§ **Work item**
Only one span of the listing below is wanted: the lines from the one with "0 1) (\<lambda>t::real." through the one with "using ray[OF that]", reproduced exactly, both ends kept.
[[ Records, beginning ]]
lemma entropy2_cond_dist_le:
  assumes "C \<subseteq> cube n" "K \<subseteq> {1..n}" "b \<in> (\<lambda>x. restrict x J) ` C"
  shows "entropy2 ((\<lambda>x. restrict x K) ` C) (cond_dist C J K b)
    \<le> card K - ((2/11) * d_TV (K \<rightarrow>\<^sub>E UNIV) (cond_dist C J K b) (\<lambda>_. 1 / 2 ^ card K) - 1/90) / ln 2"
proof -
  let ?A = "K \<rightarrow>\<^sub>E (UNIV :: bool set)"
  have finC: "finite C" using assms(1) finite_cube finite_subset by blast
  have finA: "finite ?A" and cardA: "card ?A = 2 ^ card K"
    using finite_subset[OF assms(2)] by (simp_all add: finite_PiE card_PiE)
  have image_sub: "(\<lambda>x. restrict x K) ` C \<subseteq> ?A"
    using image_mono[OF assms(1), of "\<lambda>x. restrict x K"] restrict_image_cube[OF assms(2)] by simp
  have "entropy2 ((\<lambda>x. restrict x K) ` C) (cond_dist C J K b) = entropy2 ?A (cond_dist C J K b)"
  proof (rule entropy2_mono_neutral[OF finA image_sub])
    fix a assume "a \<in> ?A - (\<lambda>x. restrict x K) ` C"
    then have "{x\<in>C. restrict x J = b \<and> restrict x K = a} = {}" by blast
    then show "cond_dist C J K b a = 0" unfolding cond_dist_def by (simp only: card.empty)
  qed
  also have "\<dots> \<le> log 2 (card ?A) - ((2/11) * d_TV ?A (cond_dist C J K b) (\<lambda>_. 1 / card ?A) - 1/90) / ln 2"
  proof (rule entropy2_le_log_card_minus_TV[OF finA])
    show "?A \<noteq> {}" by (simp add: PiE_eq_empty_iff)
    show "0 \<le> cond_dist C J K b a" for a by (simp add: cond_dist_def)
  qed (rule sum_cond_dist[OF finC assms(3) finA image_sub])
  finally have bound: "entropy2 ((\<lambda>x. restrict x K) ` C) (cond_dist C J K b)
    \<le> log 2 (card ?A) - ((2/11) * d_TV ?A (cond_dist C J K b) (\<lambda>_. 1 / card ?A) - 1/90) / ln 2" .
  have "real (card ?A) = 2 ^ card K" "log 2 (2 ^ card K) = real (card K)"
    by (simp_all add: cardA)
  with bound show ?thesis by (simp only:)
qed

lemma cond_entropy_U_le_card_minus_TV:
  assumes "C \<subseteq> cube n" "C \<noteq> {}" "K \<subseteq> {1..n}"
  shows "cond_entropy_U C K J \<le> card K - ((2/11) * (\<Sum>b\<in>(\<lambda>x. restrict x J) ` C.
      prob_restrict C J b * d_TV (K \<rightarrow>\<^sub>E UNIV) (cond_dist C J K b) (\<lambda>_. 1 / 2 ^ card K)) - 1/90) / ln 2"
proof -
  define B where "B = (\<lambda>x. restrict x J) ` C"
  define tv where "tv b = d_TV (K \<rightarrow>\<^sub>E UNIV) (cond_dist C J K b) (\<lambda>_. 1 / 2 ^ card K)" for b
  have finC: "finite C" using assms(1) finite_cube finite_subset by blast
  have sum_B: "sum (prob_restrict C J) B = 1"
    unfolding B_def by (rule sum_prob_restrict[OF finC assms(2)])
  then have sum_B_card: "(\<Sum>b\<in>B. real (card K) * prob_restrict C J b) = card K"
    by (simp flip: sum_distrib_left)
  have "cond_entropy_U C K J
      = (\<Sum>b\<in>B. prob_restrict C J b * entropy2 ((\<lambda>x. restrict x K) ` C) (cond_dist C J K b))"
    unfolding B_def by (rule cond_entropy_U_eq_sum_cond_dist)
  also have "\<dots> \<le> (\<Sum>b\<in>B. prob_restrict C J b * (card K - ((2/11) * tv b - 1/90) / ln 2))"
    unfolding tv_def B_def
    by (intro sum_mono mult_left_mono entropy2_cond_dist_le[OF assms(1,3)])
      (simp_all add: prob_restrict_def)
  also have "\<dots> = card K - ((2/11) * (\<Sum>b\<in>B. prob_restrict C J b * tv b) - 1/90) / ln 2"
    using sum_B sum_B_card
    by (simp add: algebra_simps sum_subtractf sum.distrib sum_distrib_left
        diff_divide_distrib flip: sum_divide_distrib)
  finally show ?thesis unfolding B_def tv_def .
qed

lemma marg_U_dist:
  assumes "C \<subseteq> cube n"
  shows "marg n (U_dist C) Q c = real (card {x\<in>C. restrict x Q = c}) / real (card C)"
proof -
  have "marg n (U_dist C) Q c = (\<Sum>y\<in>{y\<in>cube n. restrict y Q = c}. if y \<in> C then 1 / real (card C) else 0)"
    by (simp add: marg_def U_dist_def)
  also have "\<dots> = (\<Sum>y\<in>{y\<in>{y\<in>cube n. restrict y Q = c}. y \<in> C}. 1 / real (card C))"
    by (rule sum.inter_filter[symmetric]) (simp add: finite_cube)
  also have "{y\<in>{y\<in>cube n. restrict y Q = c}. y \<in> C} = {x\<in>C. restrict x Q = c}"
    using assms by blast
  finally show ?thesis by simp
qed

lemma marg_UJ_dist:
  assumes "C \<subseteq> cube n" "J \<subseteq> {1..n}" "Q \<subseteq> {1..n}" "c \<in> Q \<rightarrow>\<^sub>E UNIV"
  shows "marg n (UJ_dist n J C) Q c
    = real (card {x\<in>C. \<forall>i\<in>Q \<inter> J. x i = c i}) / real (card C) / 2 ^ card (Q - J)"
proof -
  define Y where "Y = {y\<in>cube n. restrict y Q = c}"
  define r where "r = card ({1..n} - (Q \<union> J))"
  define w :: real where "w = (1/2) ^ card ({1..n} - J) / real (card C)"
  have finC: "finite C" using assms(1) finite_cube finite_subset by blast
  have split: "{1..n} - J = ({1..n} - (Q \<union> J)) \<union> (Q - J)" using assms(3) by blast
  have "card ({1..n} - J) = r + card (Q - J)"
    unfolding r_def split using finite_subset[OF assms(3)] by (intro card_Un_disjoint) auto
  then have weight: "2 ^ r * w = 1 / real (card C) / 2 ^ card (Q - J)"
    by (simp add: w_def power_add power_one_over)
  have "marg n (UJ_dist n J C) Q c = (\<Sum>y\<in>Y. \<Sum>x\<in>C. if restrict x J = restrict y J then w else 0)"
    unfolding marg_def Y_def[symmetric]
    by (intro sum.cong refl) (auto simp: UJ_dist_def Y_def w_def sum_distrib_right intro!: sum.cong)
  also have "\<dots> = (\<Sum>x\<in>C. real (card {y\<in>Y. restrict x J = restrict y J}) * w)"
    using finite_cube by (subst sum.swap) (simp add: Y_def flip: sum.inter_filter)
  also have "\<dots> = (\<Sum>x\<in>C. if \<forall>i\<in>Q \<inter> J. x i = c i then 2 ^ r * w else 0)"
  proof (intro sum.cong refl)
    fix x assume "x \<in> C"
    have "{y\<in>Y. restrict x J = restrict y J} = {y\<in>cube n. restrict y Q = c \<and> restrict y J = restrict x J}"
      by (auto simp: Y_def)
    then show "real (card {y\<in>Y. restrict x J = restrict y J}) * w
        = (if \<forall>i\<in>Q \<inter> J. x i = c i then 2 ^ r * w else 0)"
      using assms \<open>x \<in> C\<close> by (simp add: card_cube_restrict_eq r_def subsetD)
  qed
  also have "\<dots> = real (card {x\<in>C. \<forall>i\<in>Q \<inter> J. x i = c i}) / real (card C) / 2 ^ card (Q - J)"
    using finC by (simp add: weight flip: sum.inter_filter)
  finally show ?thesis .
qed

lemma card_fibre_restrict_eq:
  assumes "c \<in> extensional Q"
  shows "card {x\<in>C. restrict x J = b \<and> restrict x Q = c}
    = (if \<forall>i\<in>Q \<inter> J. b i = c i
       then card {x\<in>C. restrict x J = b \<and> restrict x (Q - J) = restrict c (Q - J)} else 0)"
proof -
  have "restrict x Q = c \<longleftrightarrow> (\<forall>i\<in>Q \<inter> J. b i = c i) \<and> restrict x (Q - J) = restrict c (Q - J)"
    if "restrict x J = b" for x
    using that assms by (auto simp: restrict_eq_extensional_iff restrict_eq_iff)
  then have fibre: "{x\<in>C. restrict x J = b \<and> restrict x Q = c}
      = {x\<in>C. restrict x J = b \<and> (\<forall>i\<in>Q \<inter> J. b i = c i) \<and> restrict x (Q - J) = restrict c (Q - J)}"
    by blast
  show ?thesis
  proof (cases "\<forall>i\<in>Q \<inter> J. b i = c i")
    case False
    then have empty: "{x\<in>C. restrict x J = b \<and> restrict x Q = c} = {}" unfolding fibre by blast
    show ?thesis unfolding if_not_P[OF False] empty by simp
  qed (simp add: fibre)
qed

lemma card_fibre_agreeing:
  "card {x\<in>C. restrict x J = b \<and> (\<forall>i\<in>Q \<inter> J. x i = c i)}
    = (if \<forall>i\<in>Q \<inter> J. b i = c i then card {x\<in>C. restrict x J = b} else 0)"
proof -
  have "(\<forall>i\<in>Q \<inter> J. x i = c i) \<longleftrightarrow> (\<forall>i\<in>Q \<inter> J. b i = c i)" if "restrict x J = b" for x
    using that by auto
  then have fibre: "{x\<in>C. restrict x J = b \<and> (\<forall>i\<in>Q \<inter> J. x i = c i)}
      = {x\<in>C. restrict x J = b \<and> (\<forall>i\<in>Q \<inter> J. b i = c i)}"
    by blast
  show ?thesis
  proof (cases "\<forall>i\<in>Q \<inter> J. b i = c i")
    case False
    then have empty: "{x\<in>C. restrict x J = b \<and> (\<forall>i\<in>Q \<inter> J. x i = c i)} = {}" unfolding fibre by blast
    show ?thesis unfolding if_not_P[OF False] empty by simp
  qed (simp add: fibre)
qed

lemma marg_U_dist_minus_marg_UJ_dist:
  assumes "C \<subseteq> cube n" "J \<subseteq> {1..n}" "Q \<subseteq> {1..n}" "c \<in> Q \<rightarrow>\<^sub>E UNIV"
  shows "marg n (U_dist C) Q c - marg n (UJ_dist n J C) Q c
    = (\<Sum>b\<in>(\<lambda>x. restrict x J) ` C. if \<forall>i\<in>Q \<inter> J. b i = c i
        then prob_restrict C J b * (cond_dist C J (Q - J) b (restrict c (Q - J)) - 1 / 2 ^ card (Q - J))
        else 0)"
proof -
  define B where "B = (\<lambda>x. restrict x J) ` C"
  have finC: "finite C" using assms(1) finite_cube finite_subset by blast
  have ext: "c \<in> extensional Q" using assms(4) by (simp add: PiE_iff)
  have "marg n (U_dist C) Q c = (\<Sum>b\<in>B. real (card {x\<in>C. restrict x J = b \<and> restrict x Q = c})) / card C"
    unfolding marg_U_dist[OF assms(1)] B_def
      card_filter_eq_sum_fibres[OF finC, of "\<lambda>x. restrict x Q = c" "\<lambda>x. restrict x J"] ..
  also have "\<dots> = (\<Sum>b\<in>B. if \<forall>i\<in>Q \<inter> J. b i = c i
      then prob_restrict C J b * cond_dist C J (Q - J) b (restrict c (Q - J)) else 0)"
    unfolding sum_divide_distrib
    by (intro sum.cong refl) (simp add: B_def card_fibre_restrict_eq[OF ext] prob_restrict_mult_cond_dist[OF finC])
  finally have U: "marg n (U_dist C) Q c = \<dots>" .
  have "marg n (UJ_dist n J C) Q c
      = (\<Sum>b\<in>B. real (card {x\<in>C. restrict x J = b \<and> (\<forall>i\<in>Q \<inter> J. x i = c i)})) / card C / 2 ^ card (Q - J)"
    unfolding marg_UJ_dist[OF assms] B_def
      card_filter_eq_sum_fibres[OF finC, of "\<lambda>x. \<forall>i\<in>Q \<inter> J. x i = c i" "\<lambda>x. restrict x J"] ..
  also have "\<dots> = (\<Sum>b\<in>B. if \<forall>i\<in>Q \<inter> J. b i = c i then prob_restrict C J b / 2 ^ card (Q - J) else 0)"
    unfolding sum_divide_distrib
    by (intro sum.cong refl) (simp add: card_fibre_agreeing prob_restrict_def)
  finally have UJ: "marg n (UJ_dist n J C) Q c = \<dots>" .
  show ?thesis
    unfolding U UJ B_def[symmetric] sum_subtractf[symmetric]
    by (intro sum.cong refl) (simp add: right_diff_distrib)
qed
lemma cscalar_prod_normalize_vec_self:
  assumes v: "v \<in> carrier_vec n" "v \<noteq> 0\<^sub>v n"
  shows "normalize_vec v \<bullet>c normalize_vec v = 1"
proof -
  define r where "r = Re (v \<bullet>c v)"
  have r: "0 < r" "v \<bullet>c v = complex_of_real r"
    unfolding r_def using cscalar_prod_self_real[OF v(1)] v(2) by auto
  have "sqrt r * sqrt r = r" using r(1) by simp
  thus ?thesis unfolding cscalar_prod_normalize_vec[OF v(1) v(1)] r_def[symmetric] r(2)
    using r(1) by (simp add: field_simps flip: of_real_mult)
qed

lemma normalize_vec_unit: "v \<bullet>c v = 1 \<Longrightarrow> normalize_vec v = v"
  unfolding normalize_vec_def by simp

lemma unitary_mat_of_cols:
  assumes ws: "length ws = n" "set ws \<subseteq> carrier_vec n"
    and orth: "\<And>i j. i < n \<Longrightarrow> j < n \<Longrightarrow> ws ! i \<bullet>c ws ! j = (if i = j then 1 else 0)"
  shows "unitary_mat (mat_of_cols n ws) n"
proof -
  define W where "W = mat_of_cols n ws"
  have Wc: "W \<in> carrier_mat n n" unfolding W_def using ws by auto
  have colW: "\<And>j. j < n \<Longrightarrow> col W j = ws ! j" unfolding W_def
    by (rule col_mat_of_cols, insert ws, auto)
  have "mat_adjoint W * W = 1\<^sub>m n"
  proof (rule eq_matI)
    fix i j assume "i < dim_row (1\<^sub>m n :: complex mat)" "j < dim_col (1\<^sub>m n :: complex mat)"
    hence i: "i < n" and j: "j < n" by auto
    show "(mat_adjoint W * W) $$ (i, j) = 1\<^sub>m n $$ (i, j)"
      unfolding index_mat_adjoint_mult_self[OF Wc i j] colW[OF i] colW[OF j] orth[OF j i]
      using i j by auto
  qed (insert Wc, auto)
  thus ?thesis using Wc unfolding unitary_mat_def W_def by auto
qed

lemma unitary_extension:
  assumes n: "0 < n" and u: "u \<in> carrier_vec n" and uu: "u \<bullet>c u = 1"
  shows "\<exists>W. unitary_mat W n \<and> col W 0 = u"
proof -
  interpret cof_vec_space n "TYPE(complex)" .
  have u0: "u \<noteq> 0\<^sub>v n" using uu u by auto
  define b where "b = basis_completion u"
  note bc = basis_completion[OF u u0, folded b_def]
  define ws where "ws = gram_schmidt n b"
  note gs = gram_schmidt_result[OF bc(2) bc(4) bc(5) ws_def]
  have lws: "length ws = n" using gs bc by auto
  have wsc: "\<And>i. i < n \<Longrightarrow> ws ! i \<in> carrier_vec n" using gs(3) lws by auto
  have ws0: "\<And>i. i < n \<Longrightarrow> ws ! i \<noteq> 0\<^sub>v n"
    using corthogonalD[OF gs(2)] lws by fastforce
  have "b = u # tl b" using bc(6,7) n by (cases b, auto)
  hence "hd ws = u" unfolding ws_def using gram_schmidt_hd[OF u] by metis
  hence hws: "ws ! 0 = u" using lws n hd_conv_nth[of ws] by auto
  define ws' where "ws' = map normalize_vec ws"
  have orth: "ws' ! i \<bullet>c ws' ! j = (if i = j then 1 else 0)" if ij: "i < n" "j < n" for i j
  proof (cases "i = j")
    case True
    thus ?thesis using cscalar_prod_normalize_vec_self[OF wsc ws0] ij lws unfolding ws'_def by simp
  next
    case False
    hence "ws ! i \<bullet>c ws ! j = 0" using corthogonalD[OF gs(2)] ij lws by simp
    thus ?thesis using cscalar_prod_normalize_vec[OF wsc wsc] ij lws False unfolding ws'_def by simp
  qed
  have "unitary_mat (mat_of_cols n ws') n"
    by (rule unitary_mat_of_cols, insert lws wsc orth, auto simp: ws'_def in_set_conv_nth)
  moreover have "col (mat_of_cols n ws') 0 = u"
    using col_mat_of_cols[of 0 ws' n] wsc lws n hws normalize_vec_unit[OF uu]
    unfolding ws'_def by auto
  ultimately show ?thesis by blast
qed

lemma hermitian_mat_index:
  "hermitian_mat A n \<Longrightarrow> i < n \<Longrightarrow> j < n \<Longrightarrow> A $$ (i, j) = cnj (A $$ (j, i))"
  unfolding hermitian_mat_def by (metis carrier_matD index_mat_adjoint)

lemma hermitian_mat_compression:
  "hermitian_mat A n \<Longrightarrow> V \<in> carrier_mat n k \<Longrightarrow> hermitian_mat (compression V A) k"
  unfolding hermitian_mat_def by (simp add: mat_adjoint_compression)
lemma has_derivative_radial_integral:
  assumes W: "open W" "convex W" "0 \<in> W" and G: "C1_on W G" and z: "z \<in> W"
  shows "((\<lambda>x. integral {0..1} (\<lambda>t. Re (G (of_real t * x) * x))) has_derivative
      (\<lambda>h. integral {0..1} (\<lambda>t. t * Re (differential G (of_real t * z) h * z) + Re (G (of_real t * z) * h))))
      (at z)"
proof -
  have ray: "of_real t * x \<in> W" if "x \<in> W" "t \<in> cbox 0 1" for x t
    using that by (intro convex_of_real_mult_mem W) auto
  define fx where "fx x t = Blinfun (\<lambda>h. t * Re (differential G (of_real t * x) h * x) + Re (G (of_real t * x) * h))"
    for x t
  have "bounded_linear (\<lambda>h. t * Re (differential G w h * x) + Re (G w * h))" for t w x
    unfolding linear_conv_bounded_linear[symmetric]
    by (rule linearI) (simp_all add: differential_def algebra_simps scaleR_conv_of_real)
  then have fx: "blinfun_apply (fx x t) = (\<lambda>h. t * Re (differential G (of_real t * x) h * x) + Re (G (of_real t * x) * h))"
    for x t
    unfolding fx_def by (rule bounded_linear_Blinfun_apply)
  have der: "((\<lambda>x. Re (G (of_real t * x) * x)) has_derivative blinfun_apply (fx x t)) (at x within W)"
    if "x \<in> W" "t \<in> cbox 0 1" for x t
    unfolding fx using G ray[OF that] by (intro has_derivative_Re_radial C1_on_imp_differentiable)
  have int: "(\<lambda>t. Re (G (of_real t * x) * x)) integrable_on cbox 0 1" if "x \<in> W" for x
  proof (rule integrable_continuous)
    have "continuous_on (cbox 0 1) (\<lambda>t::real. G (of_real t * x))"
      using ray[OF that] by (intro continuous_on_compose2[OF C1_on_imp_continuous_on[OF G]] continuous_intros) auto
    then show "continuous_on (cbox 0 1) (\<lambda>t. Re (G (of_real t * x) * x))"
      by (intro continuous_intros)
  qed
  have cont: "continuous_on (W \<times> cbox 0 1) (\<lambda>(x, t). fx x t)"
  proof (rule continuous_on_blinfun_componentwise)
    have "(\<lambda>y. of_real (snd y) * fst y) ` (W \<times> cbox 0 1) \<subseteq> W"
      using ray by auto
    then have "continuous_on (W \<times> cbox 0 1) (\<lambda>y. g (of_real (snd y) * fst y))"
      if "continuous_on W g" for g :: "complex \<Rightarrow> complex"
      by (intro continuous_on_compose2[OF that] continuous_intros) auto
    then show "continuous_on (W \<times> cbox 0 1) (\<lambda>y. blinfun_apply ((\<lambda>(x, t). fx x t) y) h)" for h
      using G C1_on_imp_continuous_on[OF G]
      by (auto simp: case_prod_beta fx differential_def C1_on_def intro!: continuous_intros)
  qed
  have "((\<lambda>x. integral (cbox 0 1) (\<lambda>t. Re (G (of_real t * x) * x))) has_derivative
      blinfun_apply (integral (cbox 0 1) (fx z))) (at z)"
    using leibniz_rule[OF der int cont z W(2)] by (simp add: at_within_open[OF z W(1)])
  moreover have "continuous_on (cbox 0 1) (\<lambda>t. (\<lambda>(x, t). fx x t) (z, t))"
    using z by (intro continuous_on_compose2[OF cont] continuous_intros) auto
  then have "fx z integrable_on cbox 0 1"
    by (intro integrable_continuous) simp
  then have "blinfun_apply (integral (cbox 0 1) (fx z)) = (\<lambda>h. integral (cbox 0 1) (\<lambda>t. blinfun_apply (fx z t) h))"
    by (intro ext blinfun_apply_integral)
  ultimately show ?thesis
    by (simp add: fx)
qed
[[ Records, end ]]
§ **Solution to this task**
    have "continuous_on (cbox 0 1) (\<lambda>t::real. G (of_real t * x))"
      using ray[OF that] by (intro continuous_on_compose2[OF C1_on_imp_continuous_on[OF G]] continuous_intros) auto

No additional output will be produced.